Introduction to DataFrames¶

Bogumił Kamiński, Apr 21, 2018

Reference¶

https://github.com/JuliaComputing/JuliaBoxTutorials/tree/master/introductory-tutorials/broader-topics-and-ecosystem/intro-to-julia-DataFrames

Series¶

https://deepstat.tistory.com/69 (01. constructors)(in English)
https://deepstat.tistory.com/70 (01. constructors)(한글)
https://deepstat.tistory.com/71 (02. basicinfo)(in English)
https://deepstat.tistory.com/72 (02. basicinfo)(한글)
https://deepstat.tistory.com/73 (03. missingvalues)(in English)
https://deepstat.tistory.com/74 (03. missingvalues)(한글)
https://deepstat.tistory.com/75 (04. loadsave)(in English)
https://deepstat.tistory.com/76 (04. loadsave)(한글)
https://deepstat.tistory.com/77 (05. columns)(in English)
https://deepstat.tistory.com/78 (05. columns)(한글)
https://deepstat.tistory.com/79 (06. rows)(in English)
https://deepstat.tistory.com/80 (06. rows)(한글)
https://deepstat.tistory.com/81 (07. factors)(in English)
https://deepstat.tistory.com/82 (07. factors)(한글)
https://deepstat.tistory.com/83 (08. joins)(in English)
https://deepstat.tistory.com/84 (08. joins)(한글)
https://deepstat.tistory.com/85 (09. reshaping)(in English)
https://deepstat.tistory.com/86 (09. reshaping)(한글)
https://deepstat.tistory.com/87 (10. transforms)(in English)
https://deepstat.tistory.com/88 (10. transforms)(한글)

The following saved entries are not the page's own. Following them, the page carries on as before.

lemma second_moment_qcong:
  assumes "prime p" "p_integral p a" "\<not> qcong p 1 a 0" "\<not> qcong p 1 a (- 1)"
    and "p_integral p m" "\<not> qcong p 1 m 0"
  shows "qcong p 3
      ((m - 4) / 2 * (\<Sum>k = 0..p-1. of_nat k ^ 2 * A a k / m ^ k))
      ((\<Sum>k = 0..p-1. of_nat k * A a k / m ^ k)
        - 2 * a * (a + 1) * (\<Sum>k = 0..p-1. A a k / m ^ k)
        + a * (a + 1) * (\<Sum>k = 0..p-2. A a k / (m ^ k * (of_nat k + 1))))"
proof -
  define n where "n = p - 2"
  have n: "p - 1 = Suc n" "p - 2 = n"
    using prime_ge_2_nat[OF assms(1)] unfolding n_def by auto
  have "m \<noteq> 0"
    using assms(1,6) p_integral_0 unfolding qcong_def by auto
  moreover have "qcong p 3 ((2 * a * (a + 1) - of_nat (Suc n) * (2 * of_nat (Suc n) + 1))
      * (A a (Suc n) / m ^ Suc n)) 0"
    using assms(1,2) A_pred_prime_div_power_qcong_0[OF assms] unfolding n
    by (intro qcong_0_mult_left p_integral_intros)
  ultimately show ?thesis
    unfolding n by (subst qcong_diff_iff[symmetric]) (simp only: second_moment_identity[OF \<open>m \<noteq> 0\<close>])
qed

lemma third_moment_qcong:
  assumes "prime p" "p_integral p a" "\<not> qcong p 1 a 0" "\<not> qcong p 1 a (- 1)"
    and "p_integral p m" "\<not> qcong p 1 m 0"
  shows "qcong p 3
      ((m - 4) / 2 * (\<Sum>k = 0..p-1. of_nat k ^ 3 * A a k / m ^ k))
      (3 * (\<Sum>k = 0..p-1. of_nat k ^ 2 * A a k / m ^ k)
        - (2 * a * (a + 1) - 1) * (\<Sum>k = 0..p-1. of_nat k * A a k / m ^ k)
        - a * (a + 1) * (\<Sum>k = 0..p-1. A a k / m ^ k))"
proof -
  define n where "n = p - 2"
  have n: "p - 1 = Suc n"
    using prime_ge_2_nat[OF assms(1)] unfolding n_def by auto
  have "m \<noteq> 0"
    using assms(1,6) p_integral_0 unfolding qcong_def by auto
  moreover have "qcong p 3 ((2 * of_nat (Suc n) + 1) * (a * (a + 1) - of_nat (Suc n) * (of_nat (Suc n) + 1))
      * (A a (Suc n) / m ^ Suc n)) 0"
    using assms(1,2) A_pred_prime_div_power_qcong_0[OF assms] unfolding n
    by (intro qcong_0_mult_left p_integral_intros)
  ultimately show ?thesis
    unfolding n by (subst qcong_diff_iff[symmetric]) (simp only: third_moment_identity[OF \<open>m \<noteq> 0\<close>])
qed

lemma qcong_eliminate_second_moment:
  fixes a m S0 S1 S2 S3 T :: rat
  assumes "prime p" "p_integral p m" "\<not> qcong p 1 m 4"
    and E1: "qcong p r ((m - 4) / 2 * S2) (S1 - 2 * a * (a + 1) * S0 + a * (a + 1) * T)"
    and E2: "qcong p r ((m - 4) / 2 * S3) (3 * S2 - (2 * a * (a + 1) - 1) * S1 - a * (a + 1) * S0)"
  shows "qcong p r S3 (((2 - 4 * a * (a + 1)) * (m - 4) + 12) / (m - 4) ^ 2 * S1
      - 2 * a * (a + 1) * (m + 8) / (m - 4) ^ 2 * S0 + 12 * a * (a + 1) / (m - 4) ^ 2 * T)"
proof -
  let ?E1 = "(m - 4) / 2 * S2 - (S1 - 2 * a * (a + 1) * S0 + a * (a + 1) * T)"
  let ?E2 = "(m - 4) / 2 * S3 - (3 * S2 - (2 * a * (a + 1) - 1) * S1 - a * (a + 1) * S0)"
  have unit: "\<not> qcong p 1 (m - 4) 0"
    using assms(3) by (simp add: qcong_def)
  then have "m - 4 \<noteq> 0"
    using p_integral_0[OF assms(1)] by (auto simp: qcong_def)
  have "p_integral p (inverse (m - 4))"
    using assms(1,2) unit by (intro p_integral_inverse p_integral_intros)
  moreover have "qcong p r ?E1 0" "qcong p r ?E2 0"
    using E1 E2 by (simp_all only: qcong_diff_iff)
  ultimately have "qcong p r (2 * inverse (m - 4) * ?E2 + 12 * inverse (m - 4) ^ 2 * ?E1) (0 + 0)"
    using assms(1) by (intro qcong_add qcong_0_mult_left p_integral_intros)
  moreover have "2 * inverse (m - 4) * ?E2 + 12 * inverse (m - 4) ^ 2 * ?E1
      = S3 - (((2 - 4 * a * (a + 1)) * (m - 4) + 12) / (m - 4) ^ 2 * S1
        - 2 * a * (a + 1) * (m + 8) / (m - 4) ^ 2 * S0 + 12 * a * (a + 1) / (m - 4) ^ 2 * T)"
  proof -
    define d where "d = m - 4"
    have "m + 8 = d + 12" "d \<noteq> 0"
      using \<open>m - 4 \<noteq> 0\<close> unfolding d_def by simp_all
    then show ?thesis
      unfolding d_def[symmetric] by (simp add: field_simps power2_eq_square)
  qed
  ultimately show ?thesis
    by (simp add: qcong_diff_iff)
qed

theorem theorem3p1:
  fixes p :: nat and a m :: rat
  assumes "prime p" and "odd p"
    and "p_integral p a" and "p_integral p m"
    and "\<not> qcong p 1 a 0" and "\<not> qcong p 1 a (-1)" and "\<not> qcong p 1 m 0"
  shows "qcong p 3
      ((m - 4) / 2 * (\<Sum>k = 0..p-1. of_nat k ^ 2 * A a k / m ^ k))
      ((\<Sum>k = 0..p-1. of_nat k * A a k / m ^ k)
        - 2 * a * (a + 1) * (\<Sum>k = 0..p-1. A a k / m ^ k)
        + a * (a + 1) * (\<Sum>k = 0..p-2. A a k / (m ^ k * (of_nat k + 1))))
    \<and> qcong p 3
      ((m - 4) / 2 * (\<Sum>k = 0..p-1. of_nat k ^ 3 * A a k / m ^ k))
      (3 * (\<Sum>k = 0..p-1. of_nat k ^ 2 * A a k / m ^ k)
        - (2 * a * (a + 1) - 1) * (\<Sum>k = 0..p-1. of_nat k * A a k / m ^ k)
        - a * (a + 1) * (\<Sum>k = 0..p-1. A a k / m ^ k))
    \<and> (\<not> qcong p 1 m 4 \<longrightarrow> qcong p 3
      (\<Sum>k = 0..p-1. of_nat k ^ 3 * A a k / m ^ k)
      (((2 - 4 * a * (a + 1)) * (m - 4) + 12) / (m - 4) ^ 2
          * (\<Sum>k = 0..p-1. of_nat k * A a k / m ^ k)
        - 2 * a * (a + 1) * (m + 8) / (m - 4) ^ 2 * (\<Sum>k = 0..p-1. A a k / m ^ k)
        + 12 * a * (a + 1) / (m - 4) ^ 2
          * (\<Sum>k = 0..p-2. A a k / (m ^ k * (of_nat k + 1)))))"
proof -
  note hyps = assms(1,3,5,6,4,7)
  note second = second_moment_qcong[OF hyps]
    and third = third_moment_qcong[OF hyps]
  show ?thesis
    using second third qcong_eliminate_second_moment[OF assms(1,4) _ second third] by blast
qed

end
(* Let $\mathcal{C}=\mathsf{CSS}(A,B)$ be an $[\![n,k,d]\!]$ qudit CSS code with $d\geq 3$. The number of distinct logical operations that can be implemented by permutations of the physical qudits that preserve the codespace is at most $\frac{n!}{k_{\max}!}$, where $k_{\max}=\max\{\dim A,\dim B\}$.
   Context: Let $q$ be a prime power. $A,B\subseteq\mathbb{F}_q^n$ are classical codes with parity-check matrices $H_A,H_B$ (of full row rank) satisfying $H_AH_B^T=0$; $\mathsf{CSS}(A,B)$ is the qudit stabilizer code whose $X$-type stabilizers are the generalized Paulis $X^{v}$ for $v$ in the row space of $H_A$ and whose $Z$-type stabilizers are $Z^{w}$ for $w$ in the row space of $H_B$. It has $n$ physical qudits, $k=\dim A+\dim B-n$ logical qudits, and distance $d$. A permutation of the physical qudits preserving the codespace is a logical operator; two such are counted as the same logical operation if they act identically on the codespace. *)

theory Defs
  imports "HOL-Analysis.Analysis" "HOL-Combinatorics.Permutations"
begin

text \<open>Vectors of F_q^n are modelled as 'a^'n with 'a a finite field and 'n a finite
index type (n = CARD('n)). Qudit states on n qudits are functions ('a^'n) => complex
(coefficients in the computational basis).\<close>

definition dotp :: "'a::field ^ 'n::finite \<Rightarrow> 'a ^ 'n \<Rightarrow> 'a" where
  "dotp u v = (\<Sum>i\<in>UNIV. u $ i * v $ i)"

definition dual_code :: "('a::field ^ 'n::finite) set \<Rightarrow> ('a ^ 'n) set" where
  "dual_code C = {v. \<forall>c\<in>C. dotp v c = 0}"

definition hweight :: "'a::zero ^ 'n::finite \<Rightarrow> nat" where
  "hweight v = card {i. v $ i \<noteq> 0}"

text \<open>A nontrivial additive character chi : F_q -> C (e.g. omega^tr(.)), used for Z.\<close>
definition nontriv_add_char :: "('a::field \<Rightarrow> complex) \<Rightarrow> bool" where
  "nontriv_add_char chi \<longleftrightarrow> (\<forall>a b. chi (a + b) = chi a * chi b) \<and> (\<exists>a. chi a \<noteq> 1)"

using DataFrames # load package

Split-apply-combine¶

x = DataFrame(id=[1,2,3,4,1,2,3,4], id2=[1,2,1,2,1,2,1,2], v=rand(8))

gx1 = groupby(x, :id)

GroupedDataFrame with 4 groups based on key: :id
First Group: 2 rows
│ Row │ id    │ id2   │ v        │
│     │ Int64 │ Int64 │ Float64  │
├─────┼───────┼───────┼──────────┤
│ 1   │ 1     │ 1     │ 0.398172 │
│ 2   │ 1     │ 1     │ 0.899705 │
⋮
Last Group: 2 rows
│ Row │ id    │ id2   │ v        │
│     │ Int64 │ Int64 │ Float64  │
├─────┼───────┼───────┼──────────┤
│ 1   │ 4     │ 2     │ 0.241164 │
│ 2   │ 4     │ 2     │ 0.745005 │

gx2 = groupby(x, [:id, :id2])

GroupedDataFrame with 4 groups based on keys: :id, :id2
First Group: 2 rows
│ Row │ id    │ id2   │ v        │
│     │ Int64 │ Int64 │ Float64  │
├─────┼───────┼───────┼──────────┤
│ 1   │ 1     │ 1     │ 0.398172 │
│ 2   │ 1     │ 1     │ 0.899705 │
⋮
Last Group: 2 rows
│ Row │ id    │ id2   │ v        │
│     │ Int64 │ Int64 │ Float64  │
├─────┼───────┼───────┼──────────┤
│ 1   │ 4     │ 2     │ 0.241164 │
│ 2   │ 4     │ 2     │ 0.745005 │

vcat(gx2...) # back to the original DataFrame

x = DataFrame(id = [missing, 5, 1, 3, missing], x = 1:5)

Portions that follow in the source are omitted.